── Dataset content
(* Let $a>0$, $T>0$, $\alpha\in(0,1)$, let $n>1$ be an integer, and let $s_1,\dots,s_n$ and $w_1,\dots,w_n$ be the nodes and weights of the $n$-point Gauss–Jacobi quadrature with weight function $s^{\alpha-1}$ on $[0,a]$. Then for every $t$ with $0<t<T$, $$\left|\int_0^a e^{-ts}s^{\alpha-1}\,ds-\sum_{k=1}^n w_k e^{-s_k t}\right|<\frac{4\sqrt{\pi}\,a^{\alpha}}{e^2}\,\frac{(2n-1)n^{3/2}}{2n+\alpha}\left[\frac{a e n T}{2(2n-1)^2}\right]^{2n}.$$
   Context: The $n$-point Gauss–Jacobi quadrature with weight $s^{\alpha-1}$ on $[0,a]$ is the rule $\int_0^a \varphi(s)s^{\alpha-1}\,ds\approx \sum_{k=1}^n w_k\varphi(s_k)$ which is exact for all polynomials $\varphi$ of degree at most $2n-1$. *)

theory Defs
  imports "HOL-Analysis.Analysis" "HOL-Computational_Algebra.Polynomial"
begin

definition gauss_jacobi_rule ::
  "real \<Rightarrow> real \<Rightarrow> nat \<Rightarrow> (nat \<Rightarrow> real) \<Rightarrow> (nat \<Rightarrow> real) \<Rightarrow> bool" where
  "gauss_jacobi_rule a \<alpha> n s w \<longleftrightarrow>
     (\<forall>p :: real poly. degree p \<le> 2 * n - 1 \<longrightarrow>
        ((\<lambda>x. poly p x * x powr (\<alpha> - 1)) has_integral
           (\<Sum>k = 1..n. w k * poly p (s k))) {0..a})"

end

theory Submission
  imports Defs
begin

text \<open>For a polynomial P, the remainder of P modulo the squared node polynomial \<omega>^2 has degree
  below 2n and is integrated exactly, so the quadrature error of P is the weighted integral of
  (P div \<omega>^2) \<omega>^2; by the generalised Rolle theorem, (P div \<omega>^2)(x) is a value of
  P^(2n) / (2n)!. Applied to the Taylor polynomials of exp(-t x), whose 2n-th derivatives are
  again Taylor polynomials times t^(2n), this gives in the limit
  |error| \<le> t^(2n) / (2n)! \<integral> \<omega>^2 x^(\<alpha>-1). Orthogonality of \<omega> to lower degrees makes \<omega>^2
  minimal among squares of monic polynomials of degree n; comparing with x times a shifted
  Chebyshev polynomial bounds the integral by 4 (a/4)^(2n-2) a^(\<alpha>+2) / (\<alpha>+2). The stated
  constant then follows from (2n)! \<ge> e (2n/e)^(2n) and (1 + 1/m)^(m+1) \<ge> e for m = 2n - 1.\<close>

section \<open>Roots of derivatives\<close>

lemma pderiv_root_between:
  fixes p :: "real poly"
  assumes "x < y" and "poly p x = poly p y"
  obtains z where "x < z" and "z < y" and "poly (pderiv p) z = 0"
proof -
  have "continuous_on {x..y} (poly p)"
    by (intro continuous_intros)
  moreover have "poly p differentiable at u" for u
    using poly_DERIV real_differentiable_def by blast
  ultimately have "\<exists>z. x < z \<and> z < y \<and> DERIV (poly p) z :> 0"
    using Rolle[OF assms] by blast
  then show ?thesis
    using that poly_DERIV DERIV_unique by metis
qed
────
── Dataset content
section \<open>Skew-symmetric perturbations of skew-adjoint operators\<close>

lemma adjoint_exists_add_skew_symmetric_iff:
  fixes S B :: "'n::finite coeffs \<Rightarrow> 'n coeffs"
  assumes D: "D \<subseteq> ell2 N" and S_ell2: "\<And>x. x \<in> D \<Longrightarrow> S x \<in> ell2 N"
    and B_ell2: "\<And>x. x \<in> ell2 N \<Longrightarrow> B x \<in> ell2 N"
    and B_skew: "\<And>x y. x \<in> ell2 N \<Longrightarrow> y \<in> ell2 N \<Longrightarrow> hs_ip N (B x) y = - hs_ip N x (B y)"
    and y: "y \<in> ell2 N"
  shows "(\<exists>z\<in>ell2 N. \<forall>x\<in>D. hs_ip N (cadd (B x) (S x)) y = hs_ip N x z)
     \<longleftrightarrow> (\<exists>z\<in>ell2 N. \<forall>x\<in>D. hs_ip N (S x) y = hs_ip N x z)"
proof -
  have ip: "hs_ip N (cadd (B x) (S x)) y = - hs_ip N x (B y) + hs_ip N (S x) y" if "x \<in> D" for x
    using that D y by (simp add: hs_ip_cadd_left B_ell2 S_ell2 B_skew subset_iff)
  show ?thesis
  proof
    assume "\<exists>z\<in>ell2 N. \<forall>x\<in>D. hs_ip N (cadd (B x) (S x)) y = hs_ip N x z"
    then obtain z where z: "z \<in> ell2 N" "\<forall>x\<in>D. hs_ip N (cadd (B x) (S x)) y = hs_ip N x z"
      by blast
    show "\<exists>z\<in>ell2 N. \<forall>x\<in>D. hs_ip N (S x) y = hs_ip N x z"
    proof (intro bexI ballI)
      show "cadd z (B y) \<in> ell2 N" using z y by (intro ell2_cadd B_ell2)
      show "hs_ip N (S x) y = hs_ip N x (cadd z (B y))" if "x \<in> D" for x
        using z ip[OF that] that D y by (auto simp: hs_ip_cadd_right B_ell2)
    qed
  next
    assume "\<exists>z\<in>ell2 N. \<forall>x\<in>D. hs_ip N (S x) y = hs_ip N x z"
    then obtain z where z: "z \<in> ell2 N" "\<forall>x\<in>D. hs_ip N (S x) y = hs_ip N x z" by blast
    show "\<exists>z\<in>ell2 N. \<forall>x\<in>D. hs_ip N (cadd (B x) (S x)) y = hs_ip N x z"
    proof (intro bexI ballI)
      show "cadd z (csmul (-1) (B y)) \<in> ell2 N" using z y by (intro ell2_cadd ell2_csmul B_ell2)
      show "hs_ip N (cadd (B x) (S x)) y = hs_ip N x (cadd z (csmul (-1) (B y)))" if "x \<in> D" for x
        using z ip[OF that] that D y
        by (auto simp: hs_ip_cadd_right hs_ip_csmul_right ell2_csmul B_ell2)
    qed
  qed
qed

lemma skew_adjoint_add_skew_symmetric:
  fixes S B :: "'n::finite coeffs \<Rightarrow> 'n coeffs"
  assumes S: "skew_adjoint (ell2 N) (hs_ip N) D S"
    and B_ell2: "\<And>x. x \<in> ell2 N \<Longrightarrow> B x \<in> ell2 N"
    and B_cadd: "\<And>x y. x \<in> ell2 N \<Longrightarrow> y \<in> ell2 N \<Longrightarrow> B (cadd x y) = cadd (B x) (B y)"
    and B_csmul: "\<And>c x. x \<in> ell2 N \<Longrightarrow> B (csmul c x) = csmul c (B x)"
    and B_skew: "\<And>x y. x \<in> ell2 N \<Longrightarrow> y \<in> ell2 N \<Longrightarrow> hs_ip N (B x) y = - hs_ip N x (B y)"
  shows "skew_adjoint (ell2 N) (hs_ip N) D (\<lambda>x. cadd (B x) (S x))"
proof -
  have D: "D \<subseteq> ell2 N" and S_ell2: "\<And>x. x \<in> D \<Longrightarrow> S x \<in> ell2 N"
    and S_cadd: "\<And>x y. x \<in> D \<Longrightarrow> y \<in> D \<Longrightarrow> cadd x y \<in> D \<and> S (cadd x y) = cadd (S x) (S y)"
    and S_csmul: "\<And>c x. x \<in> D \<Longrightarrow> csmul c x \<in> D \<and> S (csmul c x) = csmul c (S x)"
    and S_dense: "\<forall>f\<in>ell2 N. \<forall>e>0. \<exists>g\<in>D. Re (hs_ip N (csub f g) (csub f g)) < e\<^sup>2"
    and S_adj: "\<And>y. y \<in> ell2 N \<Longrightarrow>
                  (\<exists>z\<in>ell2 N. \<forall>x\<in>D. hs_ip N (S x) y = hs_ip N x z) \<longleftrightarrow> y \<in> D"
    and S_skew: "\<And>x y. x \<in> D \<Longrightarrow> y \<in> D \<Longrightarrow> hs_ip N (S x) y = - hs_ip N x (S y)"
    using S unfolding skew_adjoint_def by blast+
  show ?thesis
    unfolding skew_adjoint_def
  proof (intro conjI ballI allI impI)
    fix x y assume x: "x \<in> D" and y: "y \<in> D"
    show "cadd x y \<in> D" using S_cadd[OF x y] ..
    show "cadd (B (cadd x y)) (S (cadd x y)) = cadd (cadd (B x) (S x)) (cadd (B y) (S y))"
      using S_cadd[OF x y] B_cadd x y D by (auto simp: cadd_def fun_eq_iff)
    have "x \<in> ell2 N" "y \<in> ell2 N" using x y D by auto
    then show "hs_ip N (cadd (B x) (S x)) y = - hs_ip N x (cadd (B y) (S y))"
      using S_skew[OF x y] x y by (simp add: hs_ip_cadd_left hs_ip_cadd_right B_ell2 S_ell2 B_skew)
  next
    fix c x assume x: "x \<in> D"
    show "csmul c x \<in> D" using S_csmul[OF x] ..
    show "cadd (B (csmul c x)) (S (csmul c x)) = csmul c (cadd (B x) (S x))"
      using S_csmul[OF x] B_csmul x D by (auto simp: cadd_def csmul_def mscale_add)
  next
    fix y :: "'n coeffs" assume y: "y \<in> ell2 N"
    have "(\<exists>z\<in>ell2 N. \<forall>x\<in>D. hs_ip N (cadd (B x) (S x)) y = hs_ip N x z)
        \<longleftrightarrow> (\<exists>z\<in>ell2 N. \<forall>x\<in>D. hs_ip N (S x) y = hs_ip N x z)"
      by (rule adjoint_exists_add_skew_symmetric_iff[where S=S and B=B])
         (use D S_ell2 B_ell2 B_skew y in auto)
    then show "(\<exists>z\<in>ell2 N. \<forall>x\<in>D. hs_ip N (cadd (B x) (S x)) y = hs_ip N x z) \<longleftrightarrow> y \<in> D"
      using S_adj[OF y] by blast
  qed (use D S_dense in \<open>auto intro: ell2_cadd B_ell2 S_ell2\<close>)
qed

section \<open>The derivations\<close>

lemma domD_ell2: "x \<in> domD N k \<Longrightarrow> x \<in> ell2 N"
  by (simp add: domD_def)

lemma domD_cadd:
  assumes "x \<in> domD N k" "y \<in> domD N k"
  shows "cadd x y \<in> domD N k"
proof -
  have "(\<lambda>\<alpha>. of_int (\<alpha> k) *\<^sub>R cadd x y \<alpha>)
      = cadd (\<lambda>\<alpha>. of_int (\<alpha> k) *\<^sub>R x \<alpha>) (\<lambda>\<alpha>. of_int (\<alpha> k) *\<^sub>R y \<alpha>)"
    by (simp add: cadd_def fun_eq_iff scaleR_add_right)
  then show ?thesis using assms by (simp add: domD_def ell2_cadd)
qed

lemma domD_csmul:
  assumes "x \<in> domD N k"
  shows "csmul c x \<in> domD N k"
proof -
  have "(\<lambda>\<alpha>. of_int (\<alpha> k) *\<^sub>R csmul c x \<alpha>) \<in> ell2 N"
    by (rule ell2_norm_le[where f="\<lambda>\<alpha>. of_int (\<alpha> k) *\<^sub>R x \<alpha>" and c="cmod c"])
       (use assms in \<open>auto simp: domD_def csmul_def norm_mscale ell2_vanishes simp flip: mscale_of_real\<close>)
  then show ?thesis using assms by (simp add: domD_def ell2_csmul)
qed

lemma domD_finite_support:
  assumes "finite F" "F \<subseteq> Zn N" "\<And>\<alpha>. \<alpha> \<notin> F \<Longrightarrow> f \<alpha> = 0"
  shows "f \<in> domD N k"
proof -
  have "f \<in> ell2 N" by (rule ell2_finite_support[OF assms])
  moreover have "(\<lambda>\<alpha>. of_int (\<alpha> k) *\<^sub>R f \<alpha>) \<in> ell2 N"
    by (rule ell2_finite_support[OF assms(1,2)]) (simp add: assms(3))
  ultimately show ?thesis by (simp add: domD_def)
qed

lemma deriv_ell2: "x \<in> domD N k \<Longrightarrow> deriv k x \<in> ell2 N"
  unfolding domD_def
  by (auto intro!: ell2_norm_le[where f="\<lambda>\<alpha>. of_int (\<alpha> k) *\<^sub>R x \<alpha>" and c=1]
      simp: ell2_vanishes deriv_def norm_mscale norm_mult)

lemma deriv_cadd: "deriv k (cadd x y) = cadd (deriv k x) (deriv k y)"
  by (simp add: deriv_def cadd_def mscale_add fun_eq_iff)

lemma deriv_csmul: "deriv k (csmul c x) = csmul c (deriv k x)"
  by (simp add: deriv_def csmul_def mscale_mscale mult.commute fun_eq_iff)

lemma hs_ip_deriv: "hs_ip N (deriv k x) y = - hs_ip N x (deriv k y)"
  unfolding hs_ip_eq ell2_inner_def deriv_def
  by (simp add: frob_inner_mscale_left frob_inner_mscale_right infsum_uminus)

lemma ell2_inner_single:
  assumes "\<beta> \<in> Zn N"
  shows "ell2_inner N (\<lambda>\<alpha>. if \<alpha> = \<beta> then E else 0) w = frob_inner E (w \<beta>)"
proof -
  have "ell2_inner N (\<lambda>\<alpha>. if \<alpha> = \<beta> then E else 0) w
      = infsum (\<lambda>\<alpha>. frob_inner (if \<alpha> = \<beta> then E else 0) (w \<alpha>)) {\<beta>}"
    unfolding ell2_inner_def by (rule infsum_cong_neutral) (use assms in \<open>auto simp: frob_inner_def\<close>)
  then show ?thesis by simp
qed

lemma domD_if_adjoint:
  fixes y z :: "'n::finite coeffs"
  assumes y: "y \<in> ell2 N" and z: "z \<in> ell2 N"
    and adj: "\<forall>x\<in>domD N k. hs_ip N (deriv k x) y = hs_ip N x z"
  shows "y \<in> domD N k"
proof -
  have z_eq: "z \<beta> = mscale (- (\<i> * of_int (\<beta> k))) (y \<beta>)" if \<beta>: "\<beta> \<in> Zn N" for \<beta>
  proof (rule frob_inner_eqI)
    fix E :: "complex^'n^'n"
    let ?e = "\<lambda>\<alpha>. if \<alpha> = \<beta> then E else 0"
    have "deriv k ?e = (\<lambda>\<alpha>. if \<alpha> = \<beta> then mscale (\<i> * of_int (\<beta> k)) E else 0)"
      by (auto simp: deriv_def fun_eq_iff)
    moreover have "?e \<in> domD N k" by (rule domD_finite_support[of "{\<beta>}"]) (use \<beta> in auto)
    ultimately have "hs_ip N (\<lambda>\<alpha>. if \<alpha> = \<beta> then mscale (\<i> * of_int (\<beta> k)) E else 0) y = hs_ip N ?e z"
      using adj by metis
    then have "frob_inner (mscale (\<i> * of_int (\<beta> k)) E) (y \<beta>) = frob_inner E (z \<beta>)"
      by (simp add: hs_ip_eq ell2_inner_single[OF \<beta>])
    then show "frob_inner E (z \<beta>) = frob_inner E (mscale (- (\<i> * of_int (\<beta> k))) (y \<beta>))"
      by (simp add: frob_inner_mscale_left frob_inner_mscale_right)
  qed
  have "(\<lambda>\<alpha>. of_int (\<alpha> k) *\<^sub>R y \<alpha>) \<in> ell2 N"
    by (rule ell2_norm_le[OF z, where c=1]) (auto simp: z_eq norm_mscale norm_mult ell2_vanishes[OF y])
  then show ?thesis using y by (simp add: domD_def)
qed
────
[Task directions] Extract from the listing above the lines between the line containing "y D by auto" and the line containing "fix c x assume", keeping both of those lines. Output nothing else.

[Response]
    have "x \<in> ell2 N" "y \<in> ell2 N" using x y D by auto
    then show "hs_ip N (cadd (B x) (S x)) y = - hs_ip N x (cadd (B y) (S y))"
      using S_skew[OF x y] x y by (simp add: hs_ip_cadd_left hs_ip_cadd_right B_ell2 S_ell2 B_skew)
  next
    fix c x assume x: "x \<in> D"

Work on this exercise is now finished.